Regulations · Architectures

WAD (2018) + EAA (2025)

EU directive transposition

Every EU member state has implemented WCAG 2.1 AA-equivalent obligations under the Web Accessibility Directive for public bodies and, since 28 June 2025, the European Accessibility Act for the private sector. EEA states (NO, IS, LI) follow through the EEA Agreement.

How the model works

The EU model is two-track. Public-sector accessibility runs through the Web Accessibility Directive (Directive (EU) 2016/2102, in force across member states from 23 September 2018), which mandates WCAG 2.1 AA conformance via the EN 301 549 harmonised standard, a structured accessibility statement on every in-scope website, and a national monitoring body that publishes biennial conformance reports to the European Commission.

Private-sector accessibility runs through the European Accessibility Act (Directive (EU) 2019/882, application date 28 June 2025), which extends EN 301 549-aligned obligations to a defined product and service scope: computer hardware, self-service terminals, e-readers, electronic communications services, banking services, e-commerce, audiovisual media services, and elements of passenger transport. Each member state operates a market-surveillance authority that handles conformity assessment, technical-file inspection, and administrative fines.

Both directives are minimum-harmonisation instruments: member states are free to set higher penalty ceilings, broader scope, or stronger enforcement bodies. The spread is wide — Spain's EAA cap is €1M for very serious infringements; Italy's is €40K; the Netherlands has signalled up to 5% of annual turnover for systemic violations. The European Commission can open Article 258 TFEU infringement proceedings against member states that transpose incompletely (Bulgaria's 2022-2024 WAD case is the recent precedent).

Strengths and weaknesses

Strengths

  • Uniform technical floor via EN 301 549 means a compliant product crosses 27 borders without re-engineering.
  • EU-level coordination through ICSMS (market surveillance) prevents the kind of forum shopping that fragmented enforcement creates.
  • CJEU Article 260(2) lump-sum + daily penalties give the Commission real leverage over member states that under-enforce.
  • EAA implementation accelerates the public-sector experience: a decade of WAD monitoring data tells regulators what compliance theatre looks like.

Weaknesses

  • Penalty ceilings vary by an order of magnitude across the EU, creating real cost-benefit asymmetries for cross-border operators.
  • Member-state enforcement bodies are inconsistently resourced — some run robust periodic scans, others do little more than handle complaints.
  • EAA's micro-enterprise carve-out (fewer than 10 employees, ≤ €2M turnover) exempts a significant share of service providers from the service-side obligations.
  • Sub-national layers (German Länder, Spanish autonomous communities, Belgian regions) can run parallel penalty regimes — operators may face concurrent proceedings.

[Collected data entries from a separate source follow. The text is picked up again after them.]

lemma proj_closure_at_infinity:
  fixes s c k R :: real
  assumes "s \<noteq> 0" "s^2 + c^2 = 1" "R \<noteq> 0"
  shows "{p \<in> proj_closure k R s c. coordW p = 0} = {(0, 0, z, 0) | z. z \<noteq> 0}"
proof safe
  fix X Y Z W assume p: "(X, Y, Z, W) \<in> proj_closure k R s c" "coordW (X, Y, Z, W) = 0"
  have "F1h s c \<in> saturation_W (ideal_gen2 (F1h s c) (F2h k R))"
    and "F2h k R \<in> saturation_W (ideal_gen2 (F1h s c) (F2h k R))"
    using ideal_gen2_subset_saturation_W[OF F1h_poly_fun4 F2h_poly_fun4] generators_in_ideal_gen2
    by blast+
  with p have "W = 0" "(X, Y, Z, W) \<noteq> (0, 0, 0, 0)" "F1h s c (X, Y, Z, W) = 0" "F2h k R (X, Y, Z, W) = 0"
    unfolding proj_closure_def proj_zero_set_def coordW_def by auto
  then have "X^4 = 0" and F1: "Y^2 - (X * s - Y * c)^2 = 0"
    by (auto simp: F1h_def F2h_def power2_eq_square power4_eq_xxxx)
  then have "X = 0" by simp
  with F1 have "s^2 * Y^2 = 0" using assms(2) by (simp add: power_mult_distrib algebra_simps flip: assms(2))
  with \<open>X = 0\<close> \<open>W = 0\<close> \<open>(X, Y, Z, W) \<noteq> (0, 0, 0, 0)\<close> show "\<exists>z. (X, Y, Z, W) = (0, 0, z, 0) \<and> z \<noteq> 0"
    using assms(1) by simp
next
  fix z :: real assume "z \<noteq> 0"
  then show "(0, 0, z, 0) \<in> proj_closure k R s c" "coordW (0, 0, z, 0) = 0"
    using saturation_vanishes_at_p_inf[OF assms]
    unfolding proj_closure_def proj_zero_set_def coordW_def by auto
qed

section \<open>The local equation at the point at infinity\<close>

lemma F1h_chart:
  assumes "s^2 + c^2 = 1"
  shows "F1h s c (x, y, 1, w) = 2 * w - w^2 - 2 * Qform s c (x, y)"
proof -
  have "y^2 - (x * s - y * c)^2 = (1 - c^2) * y^2 - s^2 * x^2 + 2 * s * c * x * y"
    by (simp add: power2_eq_square algebra_simps)
  also have "1 - c^2 = s^2" using assms by simp
  finally have "y^2 - (x * s - y * c)^2 = - 2 * Qform s c (x, y)"
    by (simp add: Qform_def algebra_simps)
  then show ?thesis by (simp add: F1h_def)
qed

lemma F2h_chart_sub_Eform_sq:
  fixes s c k R x y w :: real
  assumes "s^2 + c^2 = 1" "F1h s c (x, y, 1, w) = 0"
  defines "C0 \<equiv> R^2 + k^2 - k"
  shows "F2h k R (x, y, 1, w) - (Eform k s c (x, y))^2
    = w^2 * (2 * C0 * Eform k s c (x, y) + C0^2 * w^2 - 4 * R^2 * (x^2 + y^2))"
proof -
  have "2 * w = 2 * Qform s c (x, y) + w^2" using assms(2) unfolding F1h_chart[OF assms(1)] by simp
  then have inner: "x^2 - 2*k*1*w + (R^2 + k^2) * w^2 = Eform k s c (x, y) + C0 * w^2"
    unfolding Eform_def C0_def by (simp add: algebra_simps flip: mult.assoc)
  have "F2h k R (x, y, 1, w) = (x^2 - 2*k*1*w + (R^2 + k^2) * w^2)^2 - 4*R^2*w^2*(x^2 + y^2)"
    by (simp add: F2h_def)
  also have "\<dots> = (Eform k s c (x, y) + C0 * w^2)^2 - 4*R^2*w^2*(x^2 + y^2)"
    by (simp only: inner)
  finally show ?thesis by (simp add: power2_eq_square algebra_simps)
qed

lemma abs_Qform_le:
  assumes "s^2 + c^2 = 1"
  shows "\<bar>Qform s c (x, y)\<bar> \<le> x^2 + y^2"
proof -
  have "s^2 \<le> 1" using assms by (metis le_add_same_cancel1 zero_le_power2)
  then have "s^2 * \<bar>x^2 - y^2\<bar> \<le> 1 * \<bar>x^2 - y^2\<bar>" by (intro mult_right_mono) simp_all
  also have "\<dots> \<le> x^2 + y^2" by (simp add: abs_le_iff)
  finally have sq: "\<bar>s^2 * (x^2 - y^2)\<bar> \<le> x^2 + y^2" by (simp add: abs_mult)
  have "2 * \<bar>s\<bar> * \<bar>c\<bar> \<le> 1"
    using sum_squares_bound[of "\<bar>s\<bar>" "\<bar>c\<bar>"] assms by simp
  then have "\<bar>2 * s * c * x * y\<bar> \<le> 1 * (\<bar>x\<bar> * \<bar>y\<bar>)"
    unfolding abs_mult mult.assoc[symmetric] by (intro mult_right_mono) simp_all
  also have "\<dots> \<le> x^2 + y^2"
  proof -
    have "2 * (\<bar>x\<bar> * \<bar>y\<bar>) \<le> x^2 + y^2"
      using sum_squares_bound[of "\<bar>x\<bar>" "\<bar>y\<bar>"] by (simp add: mult.assoc)
    moreover have "0 \<le> \<bar>x\<bar> * \<bar>y\<bar>" by simp
    ultimately show ?thesis by linarith
  qed
  finally have "\<bar>s^2 * (x^2 - y^2) - 2 * s * c * x * y\<bar> \<le> 2 * (x^2 + y^2)"
    using sq abs_triangle_ineq4 by (smt (verit))
  then show ?thesis by (simp add: Qform_def algebra_simps)
qed

lemma abs_Eform_le:
  assumes "s^2 + c^2 = 1"
  shows "\<bar>Eform k s c (x, y)\<bar> \<le> (1 + 2 * \<bar>k\<bar>) * (x^2 + y^2)"
proof -
  have "\<bar>Eform k s c (x, y)\<bar> \<le> x^2 + 2 * \<bar>k\<bar> * \<bar>Qform s c (x, y)\<bar>"
    unfolding Eform_def using abs_triangle_ineq4[of "x^2" "2 * k * Qform s c (x, y)"]
    by (simp add: abs_mult)
  also have "\<dots> \<le> (x^2 + y^2) + 2 * \<bar>k\<bar> * (x^2 + y^2)"
    using abs_Qform_le[OF assms] by (intro add_mono mult_left_mono) simp_all
  finally show ?thesis by (simp add: algebra_simps)
qed

lemma abs_chart_W_le:
  assumes "s^2 + c^2 = 1" "F1h s c (x, y, 1, w) = 0" "\<bar>w\<bar> < 1"
  shows "\<bar>w\<bar> \<le> 2 * (x^2 + y^2)"
proof -
  have "\<bar>w\<bar> * 1 \<le> \<bar>w\<bar> * \<bar>2 - w\<bar>" using assms(3) by (intro mult_left_mono) auto
  also have "\<dots> = 2 * \<bar>Qform s c (x, y)\<bar>"
    using assms(2) unfolding F1h_chart[OF assms(1)]
    by (simp add: power2_eq_square algebra_simps flip: abs_mult)
  finally have "\<bar>w\<bar> \<le> 2 * \<bar>Qform s c (x, y)\<bar>" by simp
  with abs_Qform_le[OF assms(1), of x y] show ?thesis by (smt (verit))
qed

lemma abs_F2h_chart_sub_Eform_sq_le:
  fixes s c k R x y w :: real
  assumes sc: "s^2 + c^2 = 1" and F1: "F1h s c (x, y, 1, w) = 0"
    and "\<bar>w\<bar> < 1" and N_le: "x^2 + y^2 \<le> 1"
  defines "C0 \<equiv> R^2 + k^2 - k"
  shows "\<bar>F2h k R (x, y, 1, w) - (Eform k s c (x, y))^2\<bar>
    \<le> 4 * (2 * \<bar>C0\<bar> * (1 + 2 * \<bar>k\<bar>) + 4 * C0^2 + 4 * R^2) * (x^2 + y^2)^3"
proof -
  define N where "N = x^2 + y^2"
  define E where "E = Eform k s c (x, y)"
  have "0 \<le> N" by (simp add: N_def)
  then have "N^2 \<le> N" using mult_right_mono[OF N_le] by (simp add: N_def power2_eq_square)
  have "\<bar>w\<bar> \<le> 2 * N" using abs_chart_W_le[OF sc F1 \<open>\<bar>w\<bar> < 1\<close>] by (simp add: N_def)
  then have w_sq: "w^2 \<le> 4 * N^2" using power_mono[of "\<bar>w\<bar>" "2 * N" 2] by (simp add: power_mult_distrib)
  have "\<bar>2 * C0 * E + C0^2 * w^2 - 4 * R^2 * N\<bar> \<le> 2 * \<bar>C0\<bar> * \<bar>E\<bar> + C0^2 * w^2 + 4 * R^2 * N"
  proof -
    have "\<bar>2 * C0 * E\<bar> = 2 * \<bar>C0\<bar> * \<bar>E\<bar>" "\<bar>C0^2 * w^2\<bar> = C0^2 * w^2" "\<bar>4 * R^2 * N\<bar> = 4 * R^2 * N"
      using \<open>0 \<le> N\<close> by (simp_all add: abs_mult)
    then show ?thesis by (smt (verit))
  qed
  also have "\<dots> \<le> 2 * \<bar>C0\<bar> * ((1 + 2 * \<bar>k\<bar>) * N) + C0^2 * (4 * N) + 4 * R^2 * N"
    using abs_Eform_le[OF sc, of k x y] w_sq \<open>N^2 \<le> N\<close>
    by (intro add_mono mult_left_mono order_refl) (auto simp: E_def N_def)
  finally have bracket: "\<bar>2 * C0 * E + C0^2 * w^2 - 4 * R^2 * N\<bar>
      \<le> (2 * \<bar>C0\<bar> * (1 + 2 * \<bar>k\<bar>) + 4 * C0^2 + 4 * R^2) * N"
    by (simp add: algebra_simps)
  have "\<bar>F2h k R (x, y, 1, w) - E^2\<bar> = w^2 * \<bar>2 * C0 * E + C0^2 * w^2 - 4 * R^2 * N\<bar>"
    unfolding F2h_chart_sub_Eform_sq[OF sc F1] E_def N_def C0_def by (simp add: abs_mult)
  also have "\<dots> \<le> (4 * N^2) * ((2 * \<bar>C0\<bar> * (1 + 2 * \<bar>k\<bar>) + 4 * C0^2 + 4 * R^2) * N)"
    using w_sq bracket by (intro mult_mono) simp_all
  finally show ?thesis by (simp add: E_def N_def power2_eq_square power3_eq_cube algebra_simps)
qed

lemma F2h_chart_sub_Eform_sq_bigo:
  fixes \<omega> :: "real \<times> real \<Rightarrow> real"
  assumes sc: "s^2 + c^2 = 1" and "\<omega> (0, 0) = 0" "continuous (at (0, 0)) \<omega>"
    and chart: "\<forall>\<^sub>F v in nhds (0, 0). F1h s c (fst v, snd v, 1, \<omega> v) = 0"
  shows "(\<lambda>v. F2h k R (fst v, snd v, 1, \<omega> v) - (Eform k s c v)^2) \<in> O[at (0, 0)](\<lambda>v. norm v ^ 5)"
proof (rule bigoI)
  define M where "M = 4 * (2 * \<bar>R^2 + k^2 - k\<bar> * (1 + 2 * \<bar>k\<bar>) + 4 * (R^2 + k^2 - k)^2 + 4 * R^2)"
  have "(\<omega> \<longlongrightarrow> 0) (at (0, 0))" using assms(2,3) by (simp add: continuous_at)
  then have "\<forall>\<^sub>F v in at (0, 0). \<bar>\<omega> v\<bar> < 1" by (auto dest: tendstoD[of _ _ _ 1])
  moreover have "\<forall>\<^sub>F v in at (0, 0). v \<in> ball (0, 0) 1 \<and> v \<in> UNIV"
    by (rule eventually_at_ball) simp
  then have "\<forall>\<^sub>F v in at (0, 0). norm v < 1"
    by eventually_elim (simp flip: zero_prod_def)
  moreover have "\<forall>\<^sub>F v in at (0, 0). F1h s c (fst v, snd v, 1, \<omega> v) = 0"
    using chart by (simp add: eventually_at_filter eventually_mono)
  ultimately show "\<forall>\<^sub>F v in at (0, 0).
      norm (F2h k R (fst v, snd v, 1, \<omega> v) - (Eform k s c v)^2) \<le> M * norm (norm v ^ 5)"
  proof eventually_elim
    case (elim v)
    obtain x y where v: "v = (x, y)" by (cases v)
    have N: "x^2 + y^2 = norm v ^ 2" by (simp add: v norm_Pair)
    have "x^2 + y^2 \<le> 1" using elim(2) by (simp add: N power_le_one)
    from abs_F2h_chart_sub_Eform_sq_le[OF sc _ elim(1) this] elim(3)
    have "\<bar>F2h k R (x, y, 1, \<omega> v) - (Eform k s c (x, y))^2\<bar> \<le> M * (norm v ^ 2)^3"
      unfolding M_def N by (simp add: v)
    also have "\<dots> \<le> M * norm v ^ 5"
      using elim(2) by (intro mult_left_mono) (simp_all add: M_def power_decreasing flip: power_mult)
    finally show ?case by (simp add: v)
  qed
qed

section \<open>Binary quadratic forms\<close>

lemma quad_disc_eq:
  assumes "\<And>x y. q (x, y) = a * x^2 + b * x * y + d * y^2"
  shows "quad_disc q = b^2 - 4 * a * d"
  unfolding quad_disc_def Let_def assms by simp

Countries that use this model 15

Notable cases and enforcement actions

European Commission v. Bulgaria (INFR(2022)2188)

WAD-transposition infringement procedure opened 2022 for incomplete transposition + underdeveloped enforcement. Closed in 2024 after follow-up amendments to ZEU and a revised national monitoring methodology — the first significant EU-level enforcement signal of the WAD's bite.

Spain's first Ley 11/2023 enforcement cycle (2025-2026)

OADIS and the autonomous-community regulators have been organising the operational rollout since the 28 June 2025 application date. Watch for the first €300K+ "very serious" tier penalty decision — the highest in the EU spectrum.

Germany BFSG §37 (in force 28 June 2025)

BAFA is the market-surveillance authority. Expected enforcement profile: corrective-action orders first, escalating to the €100K cap for systemic non-compliance with EAA-regulated products. First administrative-penalty decisions expected through H2 2026.